But as expectations rise and the pace of change accelerates, a critical question emerges: at what cost? The drive to keep up with innovation and deliver results can stretch leaders and teams to their limits, putting their well-being and resilience at risk. Burnout is not a distant concern—it’s a real and pressing challenge in today’s boardrooms and beyond.

The forces at play

The modern boardroom is being called to step up with agility and foresight. Directors’ roles are growing in scope and complexity—no longer limited to monitoring and compliance, but demanding decisive, visionary leadership in the face of uncertainty. Their bandwidth to focus on consequential decisions, rather than being consumed by reactive decision-making, is under pressure. 

Perhaps nowhere is this more evident than with the rise of AI, which exemplifies both the opportunity and complexity boards must navigate. Deloitte’s latest survey reveals AI’s rapid rise is fueling a readiness to evolve: 53% of C-suite leaders want to accelerate AI adoption—but 66% say their boards lack sufficient knowledge or experience. The board’s challenge lies in deepening their expertise while being intentional about protecting their bandwidth given the sheer volume of information and pace of change. 

But technology is only part of the story. The future of work is evolving on multiple fronts, and boards must also balance the drive for innovation with the workforce’s desire for stability. Deloitte’s 2025 Global Human Capital Trends report introduces “stagility”—stability and agility—as an essential leadership capability. While 75% of workers hope for more stability, 85% of executives are willing to embrace change and focus on becoming agile as they adapt to rapid transformations. It’s the board’s responsibility to be aware of this tension and provide thoughtful oversight to help organizations strike the right balance. 

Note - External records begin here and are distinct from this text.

(* Let $\Sigma\subset\mathbb S_d^+$ be bounded, closed and convex and $\mathbf W=(W_1,\dots,W_d)\sim\hat N(\mathbf0,\Sigma)$. For $A\in\Sigma$ write $A_{ij}$ for its $(i,j)$ entry and set $\underline\Sigma_{ij}=\min_{A\in\Sigma}A_{ij}$, $\overline\Sigma_{ij}=\max_{A\in\Sigma}A_{ij}$. Then for all $i,j\in\{1,\dots,d\}$, $$\hat{\mathbb E}[W_iW_j]=\overline\Sigma_{ij},\qquad -\hat{\mathbb E}[-W_iW_j]=\underline\Sigma_{ij};$$ in particular $\hat{\mathbb E}[W_i^2]=\overline\Sigma_{ii}$ and $-\hat{\mathbb E}[-W_i^2]=\underline\Sigma_{ii}$.
   Context: Sublinear expectation space $(\Omega,\mathcal H,\hat{\mathbb E})$, $\hat{\mathbb E}[X]=\sup_{Q\in\mathcal P}E_Q[X]$. $C_{b,Lip}$: bounded Lipschitz; $C_{l.Lip}(\mathbb R^m)$: $|\varphi(x)-\varphi(y)|\le C(1+|x|^k+|y|^k)|x-y|$. $X\dashrightarrow Y$ means $\hat{\mathbb E}[\varphi(X,Y)]=\hat{\mathbb E}[\hat{\mathbb E}[\varphi(x,Y)]_{x=X}]$ for all $\varphi\in C_{b,Lip}$. $\mathbb S_d^+$: symmetric positive semidefinite $d\times d$ matrices; $\Sigma^{1/2}=\{A^{1/2}:A\in\Sigma\}$ (symmetric square roots). Multivariate semi-$G$-normal $\mathbf W\sim\hat N(\mathbf0,\Sigma)$: $\mathbf W=\mathbf V\boldsymbol\epsilon$, where $\mathbf V$ is a random $d\times d$ matrix with $\hat{\mathbb E}[\varphi(\mathbf V)]=\max_{B\in\Sigma^{1/2}}\varphi(B)$ for all $\varphi\in C_{l.Lip}(\mathbb R^{d\times d})$, $\boldsymbol\epsilon$ is a $d$-vector with $\hat{\mathbb E}[\varphi(\boldsymbol\epsilon)]=E[\varphi(Z)]$ for classical $Z\sim N(\mathbf0,I_d)$, and $\mathbf V\dashrightarrow\boldsymbol\epsilon$. *)

theory Defs
  imports "HOL-Analysis.Analysis" "HOL-Probability.Probability"
begin
lemma bigoI_real_threshold:
  fixes f g :: "nat \<Rightarrow> real"
  assumes "\<And>n. N \<le> real n \<Longrightarrow> \<bar>f n\<bar> \<le> C * \<bar>g n\<bar>"
  shows "f \<in> O(g)"
proof (rule bigoI)
  have "N \<le> real n" if "nat \<lceil>N\<rceil> \<le> n" for n
    using that real_nat_ceiling_ge[of N] by linarith
  then show "\<forall>\<^sub>F n in at_top. norm (f n) \<le> C * norm (g n)"
    unfolding eventually_at_top_linorder using assms by (intro exI[of _ "nat \<lceil>N\<rceil>"]) auto
qed

lemma obs_var_binary:
  assumes "set_pmf p \<subseteq> {-1, 1}"
  shows "obs_var p = 1 - (obs_mean p)\<^sup>2"
proof -
  have integrable: "integrable (measure_pmf p) f" for f :: "real \<Rightarrow> real"
    by (rule integrable_measure_pmf_finite) (use assms finite_subset in blast)
  have "measure_pmf.expectation p (\<lambda>x. x\<^sup>2) = measure_pmf.expectation p (\<lambda>_. 1)"
    using assms by (intro integral_cong_AE) (auto simp: AE_measure_pmf_iff)
  then show ?thesis
    unfolding obs_var_def obs_mean_def by (simp add: measure_pmf.variance_eq integrable)
qed

definition binary_pmf :: "real \<Rightarrow> real pmf" where
  "binary_pmf m = map_pmf (\<lambda>b. if b then 1 else -1) (bernoulli_pmf ((1 + m) / 2))"

lemma set_binary_pmf: "set_pmf (binary_pmf m) \<subseteq> {-1, 1}"
  unfolding binary_pmf_def by auto

lemma obs_mean_binary_pmf:
  assumes "\<bar>m\<bar> \<le> 1"
  shows "obs_mean (binary_pmf m) = m"
  using assms unfolding obs_mean_def binary_pmf_def by (simp add: field_simps)

lemma obs_var_binary_pmf:
  assumes "\<bar>m\<bar> \<le> 1"
  shows "obs_var (binary_pmf m) = 1 - m\<^sup>2"
  using assms by (simp add: obs_var_binary set_binary_pmf obs_mean_binary_pmf)

lemma binary_affine_model_binary_pmf:
  assumes "0 < E" and "\<And>t. t \<in> {0..E} \<Longrightarrow> \<bar>mu0 + alpha * t\<bar> \<le> 1"
  shows "binary_affine_model (\<lambda>t. binary_pmf (mu0 + alpha * t)) mu0 alpha E"
  using assms unfolding binary_affine_model_def by (simp add: set_binary_pmf obs_mean_binary_pmf)

lemma binary_affine_model_exists_interior:
  assumes "\<bar>mu0\<bar> < 1"
  shows "\<exists>X E. binary_affine_model X mu0 alpha E \<and> 0 < obs_var (X 0)"
proof -
  define E where "E = (1 - \<bar>mu0\<bar>) / (\<bar>alpha\<bar> + 1)"
  have "\<bar>mu0 + alpha * t\<bar> \<le> 1" if "t \<in> {0..E}" for t
  proof -
    have "\<bar>alpha * t\<bar> = \<bar>alpha\<bar> * t"
      using that by (simp add: abs_mult)
    also have "\<dots> \<le> (\<bar>alpha\<bar> + 1) * E"
      using that by (intro mult_mono) auto
    also have "\<dots> = 1 - \<bar>mu0\<bar>"
      unfolding E_def by simp
    finally show ?thesis
      by linarith
  qed
  moreover have "0 < E"
    unfolding E_def using assms by simp
  ultimately have "binary_affine_model (\<lambda>t. binary_pmf (mu0 + alpha * t)) mu0 alpha E"
    by (intro binary_affine_model_binary_pmf)
  moreover have "0 < obs_var ((\<lambda>t. binary_pmf (mu0 + alpha * t)) 0)"
    using assms by (simp add: obs_var_binary_pmf abs_square_less_1)
  ultimately show ?thesis
    by blast
qed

The strain and pressures directors are experiencing in the boardroom mirror the broader societal and systemic forces shaping today’s environment. While many factors are outside the board’s control, the opportunity to set the tone for well-being as an imperative—not a nice to have—can start with us. Modern leadership means championing both business and human outcomes. By prioritizing purposeful, resilient governance, we can help safeguard our bandwidth, inspire broader organizational well-being, and enable high-impact decision-making at scale. 

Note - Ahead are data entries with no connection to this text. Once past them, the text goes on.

lemma cross_direction_nonpos:
  assumes "level a = level b" and "0 \<le> level a" and "fst a < fst b"
  shows "cross (direction a) (direction b) \<le> 0"
proof -
  have "fst a * snd b - snd a * fst b = level a * (fst a - fst b)"
    using assms(1) unfolding level_def by algebra
  then have "cross (to_R2 a) (to_R2 b) = of_int (level a * (fst a - fst b))"
    by (simp add: cross_def to_R2_def flip: of_int_mult of_int_diff)
  also have "\<dots> \<le> 0"
    using assms(2,3) by (simp add: mult_nonneg_nonpos)
  finally show ?thesis
    by (simp add: direction_def cross_scaleR divide_nonpos_nonneg)
qed


text \<open>Quantifying over antidiagonals s lets two branches be compared on a common level, and
  the quantifiers range over countable types, which keeps the event measurable.\<close>
definition branch_has_direction :: "env \<Rightarrow> site \<Rightarrow> site \<Rightarrow> site \<Rightarrow> real \<Rightarrow> bool" where
  "branch_has_direction w z v d \<alpha> \<longleftrightarrow>
     (\<forall>n. \<exists>N. \<forall>s\<ge>N. \<exists>a\<in>geodesic_branch w z v d.
        level a = s \<and> dist (direction a) (cos \<alpha>, sin \<alpha>) < 1 / real (Suc n))"

definition splits_in_direction :: "env \<Rightarrow> site \<Rightarrow> site \<Rightarrow> real \<Rightarrow> bool" where
  "splits_in_direction w z v \<alpha> \<longleftrightarrow>
     branch_has_direction w z v (step_up v) \<alpha> \<and> branch_has_direction w z v (step_right v) \<alpha>"

lemma branch_points_on_common_levels:
  assumes up: "branch_has_direction w z v (step_up v) \<alpha>"
    and right: "branch_has_direction w z v (step_right v) \<beta>"
  obtains a b :: "nat \<Rightarrow> site" where
    "\<And>n. a n \<in> geodesic_branch w z v (step_up v)"
    "\<And>n. b n \<in> geodesic_branch w z v (step_right v)"
    "\<And>n. level (a n) = level (b n)" "\<And>n. 0 \<le> level (a n)"
    "\<And>n. dist (direction (a n)) (cos \<alpha>, sin \<alpha>) < 1 / real (Suc n)"
    "\<And>n. dist (direction (b n)) (cos \<beta>, sin \<beta>) < 1 / real (Suc n)"
proof -
  have "\<exists>a b. a \<in> geodesic_branch w z v (step_up v) \<and> b \<in> geodesic_branch w z v (step_right v) \<and>
      level a = level b \<and> 0 \<le> level a \<and>
      dist (direction a) (cos \<alpha>, sin \<alpha>) < 1 / real (Suc n) \<and>
      dist (direction b) (cos \<beta>, sin \<beta>) < 1 / real (Suc n)" for n
  proof -
    obtain N1 where N1: "\<forall>s\<ge>N1. \<exists>a\<in>geodesic_branch w z v (step_up v).
        level a = s \<and> dist (direction a) (cos \<alpha>, sin \<alpha>) < 1 / real (Suc n)"
      using up unfolding branch_has_direction_def by blast
    obtain N2 where N2: "\<forall>s\<ge>N2. \<exists>b\<in>geodesic_branch w z v (step_right v).
        level b = s \<and> dist (direction b) (cos \<beta>, sin \<beta>) < 1 / real (Suc n)"
      using right unfolding branch_has_direction_def by blast
    define s where "s = max 0 (max N1 N2)"
    have "0 \<le> s" "N1 \<le> s" "N2 \<le> s"
      by (simp_all add: s_def)
    then obtain a b where "a \<in> geodesic_branch w z v (step_up v)" "level a = s"
        "dist (direction a) (cos \<alpha>, sin \<alpha>) < 1 / real (Suc n)"
        "b \<in> geodesic_branch w z v (step_right v)" "level b = s"
        "dist (direction b) (cos \<beta>, sin \<beta>) < 1 / real (Suc n)"
      using N1 N2 by blast
    with \<open>0 \<le> s\<close> show ?thesis
      by (intro exI[of _ a] exI[of _ b]) simp
  qed
  then show ?thesis
    using that by metis
qed
lemma D_canonical_path:
  assumes "1 \<le> k" "k \<le> n"
  shows "rigorous_path n w k (remdups_adj [k, n + 1, k + 1]) \<and>
    path_peaks w k (remdups_adj [k, n + 1, k + 1]) = {cross w k (n + 1)}"
proof -
  have after_k: "\<not> on_node w j k" if "cross w k (n + 1) < j" "j < length w" for j
    using no_node_after_cross_last_wire[of k j] that assms by simp
  have between: "\<not> on_node w j (n + 1)" if "cross w k (n + 1) < j" "j < length w"
    "k < n \<Longrightarrow> j < cross w (k + 1) (n + 1)" for j
    using next_cross_on_last_wire[of k j] that assms by auto
  show ?thesis
  proof (cases "k = n")
    case True
    have "rigorous_path n w k [k, k + 1] \<and> path_peaks w k [k, k + 1] = {cross w k (k + 1)}"
      by (rule rigorous_path_two_wires)
        (use assms True after_k between common_node_cross[of n "n + 1"] in auto)
    then show ?thesis using True by simp
  next
    case False
    have after_k1: "\<not> on_node w j (k + 1)" if "cross w (k + 1) (n + 1) < j" "j < length w" for j
      using no_node_after_cross_last_wire[of "k + 1" j] that assms False by simp
    have "cross w k (n + 1) < cross w (k + 1) (n + 1)"
      using cross_last_wire_less_iff[of k "k + 1"] assms False by simp
    moreover have "cross w (n + 1) (k + 1) = cross w (k + 1) (n + 1)" by (rule cross_commute)
    moreover have "rigorous_path n w k [k, n + 1, k + 1] \<and>
        path_peaks w k [k, n + 1, k + 1] = {min (cross w k (n + 1)) (cross w (n + 1) (k + 1))}"
      by (rule rigorous_path_three_wires)
        (use assms False calculation after_k between after_k1 common_node_cross[of k "n + 1"]
          common_node_cross[of "k + 1" "n + 1"] in \<open>auto simp: upward_def\<close>)
    ultimately show ?thesis using False assms by simp
  qed
qed

end

subsection \<open>Vanishing A-index\<close>

context
  assumes ind_A_eq_0: "ind_A w = 0"
begin

lemma wpos_first_wire_le_letter: "j < length w \<Longrightarrow> wpos w j 1 \<le> Suc (w ! j)"
  using ind_A_eq_0 unfolding ind_A_def by (auto simp: card_eq_0_iff)

lemma no_node_after_cross_first_wire:
  assumes "2 \<le> a" "a \<le> n + 1" "cross w 1 a < j" "j < length w"
  shows "\<not> on_node w j a"
proof
  assume on_a: "on_node w j a"
  have "\<not> wpos w j 1 < wpos w j a"
    using wpos_less_iff_le_cross[of 1 a j] assms by simp
  moreover have "wpos w j 1 \<noteq> wpos w j a" using assms(1) by simp
  ultimately have "wpos w j a < wpos w j 1" by linarith
  moreover have "\<not> on_node w j 1"
    using common_node_eq_cross[of 1 a j] on_a assms by auto
  ultimately have "Suc (w ! j) < wpos w j 1"
    using on_a unfolding on_node_def by auto
  then show False using wpos_first_wire_le_letter[OF assms(4)] by simp
qed

lemma cross_first_wire_strict_antimono:
  assumes "2 \<le> a" "a < b" "b \<le> n + 1"
  shows "cross w 1 b < cross w 1 a"
proof (rule ccontr)
  define c where "c = cross w 1 b"
  assume "\<not> c < cross w 1 a"
  moreover have "c \<noteq> cross w 1 a"
    using on_node_at_most_two_wires[of w c 1 a b] common_node_cross[of 1 a]
      common_node_cross[of 1 b] assms unfolding c_def by force
  ultimately have after_a: "cross w 1 a < c" by simp
  have c_node: "c < length w" using common_node_cross[of 1 b] assms unfolding c_def by simp
  have "wpos w c 1 < wpos w c b"
    using wpos_less_iff_le_cross[of 1 b c] assms c_node unfolding c_def by simp
  moreover have "\<not> wpos w c 1 < wpos w c a"
    using wpos_less_iff_le_cross[of 1 a c] assms c_node after_a by simp
  moreover have "wpos w c 1 \<noteq> wpos w c a" using assms by simp
  ultimately have "wpos w c a < wpos w c b" by linarith
  then have "c \<le> cross w a b"
    using wpos_less_iff_le_cross[of a b c] assms c_node by simp
  then show False
    using no_node_after_cross_first_wire[of a "cross w a b"] common_node_cross[of a b] assms after_a
    by simp
qed

lemma cross_first_wire_less_iff:
  assumes "2 \<le> a" "a \<le> n + 1" "2 \<le> b" "b \<le> n + 1"
  shows "cross w 1 a < cross w 1 b \<longleftrightarrow> b < a"
  using cross_first_wire_strict_antimono[of a b] cross_first_wire_strict_antimono[of b a] assms
  by (cases a b rule: linorder_cases) auto

lemma node_on_first_wire_eq_cross:
  assumes "j < length w" "on_node w j 1"
  obtains b where "2 \<le> b" "b \<le> n + 1" "j = cross w 1 b"
proof -
  obtain a b where ab: "1 \<le> a" "a < b" "b \<le> n + 1" "on_node w j a" "on_node w j b"
    using exists_wires_on_node[OF assms(1)] by blast
  then have "a = 1" using on_node_at_most_two_wires[of w j 1 a b] assms by auto
  then show ?thesis using that[of b] ab common_node_eq_cross[of 1 b j] assms by auto
qed

lemma next_cross_on_first_wire:
  assumes "1 \<le> k" "k \<le> n" "cross w 1 (k + 1) < j" "j < length w" "on_node w j 1"
  shows "2 \<le> k \<and> cross w 1 k \<le> j"
proof -
  obtain b where b: "2 \<le> b" "b \<le> n + 1" "j = cross w 1 b"
    using node_on_first_wire_eq_cross[OF assms(4,5)] by blast
  then have "b < k + 1" using cross_first_wire_less_iff[of "k + 1" b] assms(1-3) by simp
  then show ?thesis
    using cross_first_wire_less_iff[of b k] b assms(2) by (auto simp: not_less)
qed

lemma A_canonical_path:
  assumes "1 \<le> k" "k \<le> n"
  shows "rigorous_path n w k (remdups_adj [k, 1, k + 1]) \<and>
    path_peaks w k (remdups_adj [k, 1, k + 1]) = {cross w 1 (k + 1)}"
proof -
  have between: "\<not> on_node w j 1" if "cross w 1 (k + 1) < j" "j < length w"
    "2 \<le> k \<Longrightarrow> j < cross w 1 k" for j
    using next_cross_on_first_wire[of k j] that assms by auto
  have after_k1: "\<not> on_node w j (k + 1)" if "cross w 1 (k + 1) < j" "j < length w" for j
    using no_node_after_cross_first_wire[of "k + 1" j] that assms by simp
  show ?thesis
  proof (cases "k = 1")
    case True
    have "rigorous_path n w k [k, k + 1] \<and> path_peaks w k [k, k + 1] = {cross w k (k + 1)}"
      by (rule rigorous_path_two_wires)
        (use assms True between after_k1 common_node_cross[of 1 "1 + 1"] in auto)
    then show ?thesis using True by (simp add: numeral_2_eq_2)
  next
    case False
    have after_k: "\<not> on_node w j k" if "cross w 1 k < j" "j < length w" for j
      using no_node_after_cross_first_wire[of k j] that assms False by simp
    have "cross w 1 (k + 1) < cross w 1 k"
      using cross_first_wire_less_iff[of "k + 1" k] assms False by simp
    moreover have "cross w k 1 = cross w 1 k" by (rule cross_commute)
    moreover have "rigorous_path n w k [k, 1, k + 1] \<and>
        path_peaks w k [k, 1, k + 1] = {min (cross w k 1) (cross w 1 (k + 1))}"
      by (rule rigorous_path_three_wires)
        (use assms False calculation after_k between after_k1 common_node_cross[of 1 k]
          common_node_cross[of 1 "k + 1"] in \<open>auto simp: upward_def\<close>)
    ultimately show ?thesis using False assms by simp
  qed
qed

end

end

theorem mainTheorem14:
  fixes n :: nat and w :: "nat list"
  assumes "n \<ge> 1" and "reduced_longest n w"
  shows "(ind_D n w = 0 \<longrightarrow>
            (\<forall>k\<in>{1..n}. rigorous_path n w k (remdups_adj [k, n + 1, k + 1]) \<and>
                        path_peaks w k (remdups_adj [k, n + 1, k + 1]) = {cross w k (n + 1)}))
       \<and> (ind_A w = 0 \<longrightarrow>
            (\<forall>k\<in>{1..n}. rigorous_path n w k (remdups_adj [k, 1, k + 1]) \<and>
                        path_peaks w k (remdups_adj [k, 1, k + 1]) = {cross w 1 (k + 1)}))"
proof -
  interpret reduced_longest_word n w by unfold_locales (rule assms(2))
  show ?thesis using D_canonical_path A_canonical_path by simp
qed

end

Intent over habit: governing at scale

You may be thinking, “yes, but how?” The answer may lie in anchoring board practices in clear purpose and adaptable structures. Too often, boards fall into the trap of doing things “the way they’ve always been done.” As stewards of the organization, directors often equate tradition with stability—especially when pressure and stakes are high. But many of today’s organizations look very different than at their inception—and governance practices should reflect that evolution.

To unlock the art of the possible, it’s important to commit to governance at scale, moving beyond traditional practices to meet the complexities of modern business. This means zeroing in on what truly drives value: establishing clear priorities. Leveraging technology and streamlining processes can enable boards to run efficient meetings and direct their attention to consequential issues—protecting bandwidth and empowering leaders to embrace “stagility.”

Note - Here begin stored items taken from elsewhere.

theorem theorem4:
  fixes t :: real
  assumes "0 \<le> t" and "t \<le> 1"
  shows "\<forall>\<eta>::real. 0 < \<eta> \<and> \<eta> < 1 \<longrightarrow>
           (\<exists>c::real. c > 0 \<and>
              (\<forall>(n::nat) (p::nat) (X::nat \<Rightarrow> nat \<Rightarrow> real).
                 minimax_risk (1 + t) n p X (c * real n powr (- t / (1 + t))) \<ge> 1 - \<eta>))"
proof (intro allI impI exI conjI)
  fix \<eta> :: real and n p :: nat and X :: "nat \<Rightarrow> nat \<Rightarrow> real"
  assume \<eta>: "0 < \<eta> \<and> \<eta> < 1"
  show "0 < \<eta> / 256"
    using \<eta> by simp
  define r where "r = \<eta> / (8 * (n + 1))"
  have r: "0 < r" "r \<le> 1/8" "2 * r * n \<le> \<eta>"
    using \<eta> by (auto simp: r_def field_simps)
  have "1 - 2 * r * n \<le> minimax_risk (1 + t) n p X (\<eta> / 256 * real n powr (- t / (1 + t)))"
    using assms r rate_choice_bounds[of \<eta> t n] \<eta>
    by (intro minimax_risk_two_point_bound) (auto simp: r_def)
  then show "1 - \<eta> \<le> minimax_risk (1 + t) n p X (\<eta> / 256 * real n powr (- t / (1 + t)))"
    using r by linarith
qed

end
(* Let $F\in[0,1]$ and $0\le p\le F$, and let $F'_{\max}(p,F)=\max\{F'_{00}(\rho_1\otimes\rho_2):\rho_1,\rho_2\in S_{p,F}\}$. Then $$F'_{\max}(p,F)=1-2p(1-F).$$ Moreover (for $p<1$), with $\tilde F=(F-p)/(1-p)$, $|\psi\rangle=\sqrt{\tilde F}|\Psi_{00}\rangle+\sqrt{1-\tilde F}|\Psi_{11}\rangle$ and $\rho_{\mathrm{opt}}=p|\Psi_{00}\rangle\langle\Psi_{00}|+(1-p)|\psi\rangle\langle\psi|$, one has $\rho_{\mathrm{opt}}\in S_{p,F}$ and $F'_{00}(\rho_{\mathrm{opt}}\otimes\rho_{\mathrm{opt}})=F'_{\max}(p,F)$.
   Context: For a pair of qubit registers $(R,T)$, $|\Psi_{ij}\rangle_{RT}=(I_R\otimes (X^iZ^j)_T)\tfrac1{\sqrt2}(|00\rangle+|11\rangle)_{RT}$, $i,j\in\{0,1\}$ ($X,Z$ Pauli matrices). $S_{p,F}$ is the set of two-qubit density operators $\rho$ such that $\rho=p|\Psi_{00}\rangle\langle\Psi_{00}|+(1-p)\sigma$ for some density operator $\sigma$ and $\langle\Psi_{00}|\rho|\Psi_{00}\rangle=F$. Postselected swap: $\rho_1$ acts on registers $(A_1,B_1)$ and $\rho_2$ on $(A_2,B_2)$ (Bell states of each $\rho_k$, including $|\psi\rangle$ above, are taken in the ordering $(A_k,B_k)$); a Bell-state measurement on $(A_1,A_2)$ gives outcome $ij$ with probability $p'_{ij}(\rho_1\otimes\rho_2)=\mathrm{Tr}[|\Psi_{ij}\rangle\langle\Psi_{ij}|_{A_1A_2}\rho_1\otimes\rho_2]$, and the postselected end-to-end fidelity (after the Pauli correction $Z^jX^i$ on $B_2$) is $F'_{ij}(\rho_1\otimes\rho_2)=\frac{1}{p'_{ij}}\mathrm{Tr}[|\Psi_{ij}\rangle\langle\Psi_{ij}|_{B_1B_2}|\Psi_{ij}\rangle\langle\Psi_{ij}|_{A_1A_2}\rho_1\otimes\rho_2]$. *)

theory Defs
  imports Complex_Main
begin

Governing at scale doesn’t require complicated solutions. Streamlining agendas and providing concise pre-read materials can allow directors to prepare thoughtfully and focus on strategic issues. Maximizing schedules by incorporating virtual or hybrid meeting formats can enable directors to stay refreshed and attentive, so they can contribute meaningfully. Bringing in outside experts for focused education sessions can expose directors to fresh perspectives and equip them to navigate emerging challenges with greater confidence. With the right guardrails, integrating AI and other emerging technologies can help boards decode complex issues faster, accelerate upskilling, and enhance decision-making. When directors are supported by intentional, streamlined board processes, they can gain the clarity and confidence to stay engaged and energized—enabling high-impact governance that inspires innovation, nurtures resilience, and drives sustainable growth.

The path forward

Prioritizing these practices at the highest levels is about more than just wellness; it can be a strategic advantage. The health of the boardroom is intrinsically linked to the health of the organization. Especially as AI and other forces reshape the landscape, organizations that invest in their board’s capacity to adapt and govern at scale can be better equipped to navigate disruption and shape the future with decisive, agile oversight.

Let’s commit to showing up authentically, supporting one another, and governing with intention and care. By embracing new ways of working and optimizing bandwidth, boardrooms and organizations can not only endure disruption, but capitalize on change. And while the path to resilience is ongoing, finding ways to track and evaluate it—just as we do with other key performance indicators—may be an essential step toward true accountability and sustained performance. Turn today’s challenges into tomorrow’s opportunities and help ensure your organizations remain resilient, innovative, and ready for whatever comes next. 

This publication contains general information only and Deloitte is not, by means of this publication, rendering accounting, business, financial, investment, legal, tax, or other professional advice or services. This publication is not a substitute for such professional advice or services, nor should it be used as a basis for any decision or action that may affect your business. Before making any decision or taking any action that may affect your business, you should consult a qualified professional advisor. Deloitte shall not be responsible for any loss sustained by any person who relies on this publication.

Copyright © 2025 Deloitte Development LLC. All rights reserved.

The opinions expressed in Fortune.com commentary pieces are solely the views of their authors and do not necessarily reflect the opinions and beliefs of Fortune.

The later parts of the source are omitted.